What did you expect to see?

No lockups.

What did you see instead?

Random lockups.

@dtelyukh
Copy link
Author

@dtelyukh dtelyukh commented Nov 12, 2020

Possible related issue #23559

@networkimprov
Copy link

@networkimprov networkimprov commented Nov 12, 2020

@fraenkel
Copy link
Contributor

@fraenkel fraenkel commented Nov 13, 2020

@dtelyukh We are going to need something that can reproduce the issue. It would also help to enable http2 debug and a thread dump when it hangs.

@fraenkel
Copy link
Contributor

@fraenkel fraenkel commented Nov 13, 2020

Your title says the bundled version of http2 has this issue. Are you implying that if you use the latest x/net/http2 you dont?

@dtelyukh
Copy link
Author

@dtelyukh dtelyukh commented Nov 13, 2020

@dtelyukh We are going to need something that can reproduce the issue. It would also help to enable http2 debug and a thread dump when it hangs.

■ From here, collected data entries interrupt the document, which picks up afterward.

(* Let $F$ be an $\omega$-bounded surface with a Nyikos decomposition $F=K\cup\bigcup_{i=1}^n P_i$, where each closed long pipe is written $P_i=\bigcup_{\alpha<\omega_1}U_{i,\alpha}$ as in the definition of closed long pipe, and let $h_t:F\to F$, $t\in[0,1]$, be an isotopy of homeomorphisms. Then $$\Big\{\alpha<\omega_1 \;:\; h_t\Big(K\cup\bigcup_{i=1}^n\bigcup_{\beta<\alpha}U_{i,\beta}\Big)=K\cup\bigcup_{i=1}^n\bigcup_{\beta<\alpha}U_{i,\beta}\text{ for all } t\in[0,1]\Big\}$$ is a closed unbounded subset of $\omega_1$.
   Context: A surface is a connected Hausdorff space locally homeomorphic to $\mathbb{R}^2$ (possibly with boundary where indicated). A space is $\omega$-bounded if every countable subset has compact closure. A (closed) long pipe is a surface $P$ with boundary homeomorphic to $\mathbb{S}^1$ such that $P=\bigcup_{\alpha<\omega_1}U_\alpha$, where each $U_\alpha$ is an open subset of $P$ containing $\partial P$ and homeomorphic to $\mathbb{S}^1\times[0,\infty)$, and whenever $\alpha<\beta$ we have $\overline{U_\alpha}\subset U_\beta$ and the boundary of $U_\alpha$ in $U_\beta$ is homeomorphic to $\mathbb{S}^1$. A Nyikos decomposition of an $\omega$-bounded surface $F$ is an expression $F=K\cup\bigcup_{i=1}^nP_i$ where $K$ is a compact surface with $n$ boundary circles, $P_1,\dots,P_n$ are pairwise disjoint closed long pipes, and each $P_i$ meets $K$ exactly in $\partial P_i$, which is a boundary component of $K$ (distinct pipes attached along distinct boundary components). An isotopy of homeomorphisms is a continuous $H:F\times[0,1]\to F$ with each $h_t=H(\cdot,t)$ a homeomorphism. *)

theory Defs
  imports "HOL-Analysis.Analysis"
begin

definition S1 :: "(real \<times> real) set" where
  "S1 = sphere 0 1"

definition halfplane :: "(real \<times> real) set" where
  "halfplane = {p. snd p \<ge> 0}"

definition surface :: "'a topology \<Rightarrow> bool" where
  "surface X \<longleftrightarrow> connected_space X \<and> Hausdorff_space X \<and>
     (\<forall>x\<in>topspace X. \<exists>W. openin X W \<and> x \<in> W \<and>
        (\<exists>V::(real \<times> real) set. open V \<and> subtopology X W homeomorphic_space top_of_set V))"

It's not easy to prepare code, which can reproduce this problem with 100% guarantee, but I think I could try.
Here is debug.log for GODEBUG=http2debug=2
http2.debug.log
and goroutines dump with pprof
goroutine.dump.log

Your title says the bundled version of http2 has this issue. Are you implying that if you use the latest x/net/http2 you dont?

h2_bundle.go used by third-party code. I didn't try to use x/net/http2 directly. Do you mean that I should do that?

@fraenkel
Copy link
Contributor

@fraenkel fraenkel commented Nov 13, 2020

Don't worry. I am going to need something that can reproduce this issue.
I can see why nothing is making progress but I don't know why.
The debug log is incomplete or slightly broken, but from what I do see there is an oddity.

2020/11/13 10:44:00 http2: Framer 0xc000af61c0: read HEADERS flags=END_STREAM|END_HEADERS|PRIORITY stream=1511 len=21
2020/11/13 10:44:00 http2: Framer 0xc000af61c0: wrote PUSH_PROMISE flags=END_HEADERS stream=1511 len=293
2020/11/13 10:44:00 http2: Framer 0xc000af61c0: read PRIORITY stream=314 len=5
2020/11/13 10:44:00 http2: Framer 0xc000af61c0: wrote PUSH_PROMISE flags=END_HEADERS stream=1511 len=33
2020/11/13 10:44:00 http2: Framer 0xc000af61c0: wrote HEADERS flags=END_HEADERS stream=314 len=120
2020/11/13 10:44:00 http2: Framer 0xc000af61c0: wrote PUSH_PROMISE flags=END_HEADERS stream=1511 len=44
2020/11/13 10:44:00 http2: Framer 0xc000af61c0: wrote HEADERS flags=END_HEADERS stream=316 len=115

Notice the stream for the PUSH is 1511 but the above is the first time I see that Framer. And the rest are in the 300s. I don't exactly see how this happened.
There are multiple PUSH_PROMISE all with the same stream id which is also odd.

@dtelyukh
Copy link
Author

@dtelyukh dtelyukh commented Nov 13, 2020

I truncated log-file after each successful request until it was hanged. Maybe that is why the log-file was broken.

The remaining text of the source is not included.